• What you are asked to do
Copy, from the material below, each line where "three" shows up.

• Information given
- - - -
(* Let $p\ge 7$ be a prime. Then $$\sum_{k=1}^{p-1}\frac{H_k^2}{k^2}\equiv 0,\qquad \sum_{k=1}^{p-1}\frac{H_k H_{k,2}}{k}\equiv 0,\qquad \sum_{k=1}^{p-1}\frac{H_k^3}{k}\equiv 0\pmod{p}.$$
   Context: For positive integers $n,m$, $H_{n,m}=\sum_{k=1}^n 1/k^m$ and $H_n=H_{n,1}$. Congruences modulo $p$ are taken in the ring of rationals with denominators not divisible by $p$. *)

theory Defs
  imports "HOL-Number_Theory.Number_Theory"
begin

definition harm :: "nat \<Rightarrow> nat \<Rightarrow> rat" where
  "harm n m = (\<Sum>k=1..n. 1 / (of_nat k) ^ m)"

definition p_integral :: "nat \<Rightarrow> rat \<Rightarrow> bool" where
  "p_integral p x = (\<not> int p dvd snd (quotient_of x))"

definition rat_cong :: "rat \<Rightarrow> rat \<Rightarrow> nat \<Rightarrow> bool" where
  "rat_cong x y p = (\<exists>z. p_integral p z \<and> x - y = of_nat p * z)"

end

theory Submission
  imports Defs
begin

text \<open>
  Write \<open>H = H(k,1)\<close> and let all sums run over \<open>1 \<le> k \<le> p-1\<close>.  The three sums
  of the theorem are tied to the auxiliary sums \<open>A = \<Sum> H/k^3\<close>, \<open>B = \<Sum> H(k,3)/k\<close>,
  \<open>Q = \<Sum> H(k,2)/k^2\<close> and \<open>G = \<Sum> (H^2 + H(k,2))/(2k^2)\<close> by exact telescoping
  identities (summation by parts), whose boundary terms are polynomials in the
  \<open>H(p-1,m)\<close>, \<open>1 \<le> m \<le> 4\<close>.  Modulo p:
  \<^item> \<open>H(p-1,m) \<equiv> 0\<close> for \<open>1 \<le> m \<le> 4\<close>, since inversion mod p permutes the residues and
    turns \<open>H(p-1,m)\<close> into the power sum \<open>\<Sum> k^m\<close>, divisible by p by Faulhaber's formulas;
  \<^item> \<open>A \<equiv> 0\<close> by the reflection \<open>k \<mapsto> p-k\<close>, under which \<open>H(p-k) \<equiv> H(k-1)\<close>;
  \<^item> \<open>G \<equiv> -B\<close>, because the binomial transform \<open>\<Sum> (-1)^(k-1) C(n,k) f(k)\<close> of the
    summand of \<open>G\<close> is exactly \<open>\<Sum>_{m \<le> n} H(m,3)/m\<close>, while \<open>(-1)^k C(p-1,k) \<equiv> 1\<close>.
  Solving the resulting linear system (only 2 and 4 need to be inverted, which is
  where \<open>p \<ge> 7\<close> enters together with the denominators 6 and 30 of Faulhaber's
  formulas) gives the three congruences.
\<close>

section \<open>Exact identities for harmonic numbers\<close>

lemma harm_0 [simp]: "harm 0 m = 0"
  by (simp add: harm_def)

lemma harm_Suc: "harm (Suc n) m = harm n m + inverse (of_nat (Suc n)) ^ m"
  by (simp add: harm_def power_one_over inverse_eq_divide)

text \<open>Normal form used in the telescoping steps: division by \<open>(j+1)^m\<close> becomes
  multiplication by \<open>(1/(j+1))^m\<close>, the same quantity that \<open>harm_Suc\<close> adds.\<close>
lemma divide_Suc_power: "(a :: rat) / of_nat (Suc n) ^ m = a * inverse (of_nat (Suc n)) ^ m"
  by (simp add: divide_inverse power_inverse)

lemma sum_telescope:
  fixes F :: "nat \<Rightarrow> 'a :: ab_group_add"
  assumes "\<And>k. g (Suc k) = F (Suc k) - F k"
  shows "(\<Sum>k=1..n. g k) = F n - F 0"
  by (induction n) (simp_all add: assms)

text \<open>The following summation identities are discrete analogues of
  \<open>d(H^2 + H_2) = 2 H dH\<close> etc.: in each case the summand is the increment of the
  right-hand side from \<open>k-1\<close> to \<open>k\<close>, which is a polynomial identity in \<open>H(k-1,j)\<close>
  and \<open>y = 1/k\<close> once \<open>1/k\<close> is treated as an independent variable.\<close>
lemma sum_harm_div: "2 * (\<Sum>k=1..n. harm k 1 / of_nat k) = harm n 1 ^ 2 + harm n 2"
proof -
  have "(\<Sum>k=1..n. 2 * (harm k 1 / of_nat k))
      = (harm n 1 ^ 2 + harm n 2) - (harm 0 1 ^ 2 + harm 0 2)"
  proof (rule sum_telescope)
    fix j
    obtain y :: rat where y: "inverse (of_nat (Suc j)) = y" by blast
    show "2 * (harm (Suc j) 1 / of_nat (Suc j))
        = (harm (Suc j) 1 ^ 2 + harm (Suc j) 2) - (harm j 1 ^ 2 + harm j 2)"
      unfolding divide_Suc_power unfolding divide_inverse harm_Suc y
      by (simp add: eval_nat_numeral algebra_simps)
  qed
  then show ?thesis by (simp add: sum_distrib_left)
qed

lemma sum_harm2_div2: "2 * (\<Sum>k=1..n. harm k 2 / of_nat k ^ 2) = harm n 2 ^ 2 + harm n 4"
proof -
  have "(\<Sum>k=1..n. 2 * (harm k 2 / of_nat k ^ 2))
      = (harm n 2 ^ 2 + harm n 4) - (harm 0 2 ^ 2 + harm 0 4)"
  proof (rule sum_telescope)
    fix j
    obtain y :: rat where y: "inverse (of_nat (Suc j)) = y" by blast
    show "2 * (harm (Suc j) 2 / of_nat (Suc j) ^ 2)
        = (harm (Suc j) 2 ^ 2 + harm (Suc j) 4) - (harm j 2 ^ 2 + harm j 4)"
      unfolding divide_Suc_power unfolding divide_inverse harm_Suc y
      by (simp add: eval_nat_numeral algebra_simps)
  qed
  then show ?thesis by (simp add: sum_distrib_left)
qed

lemma sum_harm3_div:
  "(\<Sum>k=1..n. harm k 3 / of_nat k) + (\<Sum>k=1..n. harm k 1 / of_nat k ^ 3)
     = harm n 1 * harm n 3 + harm n 4"
proof -
  have "(\<Sum>k=1..n. harm k 3 / of_nat k + harm k 1 / of_nat k ^ 3)
      = (harm n 1 * harm n 3 + harm n 4) - (harm 0 1 * harm 0 3 + harm 0 4)"
  proof (rule sum_telescope)
    fix j
    obtain y :: rat where y: "inverse (of_nat (Suc j)) = y" by blast
    show "harm (Suc j) 3 / of_nat (Suc j) + harm (Suc j) 1 / of_nat (Suc j) ^ 3
        = (harm (Suc j) 1 * harm (Suc j) 3 + harm (Suc j) 4) - (harm j 1 * harm j 3 + harm j 4)"
      unfolding divide_Suc_power unfolding divide_inverse harm_Suc y
      by (simp add: eval_nat_numeral algebra_simps)
  qed
  then show ?thesis by (simp add: sum.distrib)
qed

lemma sum_harm_harm2_div:
  "(\<Sum>k=1..n. harm k 1 ^ 2 / of_nat k ^ 2) + 2 * (\<Sum>k=1..n. harm k 1 * harm k 2 / of_nat k)
     - 2 * (\<Sum>k=1..n. harm k 1 / of_nat k ^ 3) - (\<Sum>k=1..n. harm k 2 / of_nat k ^ 2)
   = harm n 1 ^ 2 * harm n 2 - harm n 4"
proof -
  have "(\<Sum>k=1..n. harm k 1 ^ 2 / of_nat k ^ 2 + 2 * (harm k 1 * harm k 2 / of_nat k)
        - 2 * (harm k 1 / of_nat k ^ 3) - harm k 2 / of_nat k ^ 2)
      = (harm n 1 ^ 2 * harm n 2 - harm n 4) - (harm 0 1 ^ 2 * harm 0 2 - harm 0 4)"
  proof (rule sum_telescope)
    fix j
    obtain y :: rat where y: "inverse (of_nat (Suc j)) = y" by blast
    show "harm (Suc j) 1 ^ 2 / of_nat (Suc j) ^ 2
          + 2 * (harm (Suc j) 1 * harm (Suc j) 2 / of_nat (Suc j))
          - 2 * (harm (Suc j) 1 / of_nat (Suc j) ^ 3) - harm (Suc j) 2 / of_nat (Suc j) ^ 2
        = (harm (Suc j) 1 ^ 2 * harm (Suc j) 2 - harm (Suc j) 4)
          - (harm j 1 ^ 2 * harm j 2 - harm j 4)"
      unfolding divide_Suc_power unfolding divide_inverse harm_Suc y
      by (simp add: eval_nat_numeral algebra_simps)
  qed
  then show ?thesis by (simp add: sum.distrib sum_subtractf sum_distrib_left)
qed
- - - -
• Task answer
  Write \<open>H = H(k,1)\<close> and let all sums run over \<open>1 \<le> k \<le> p-1\<close>.  The three sums
  formulas) gives the three congruences.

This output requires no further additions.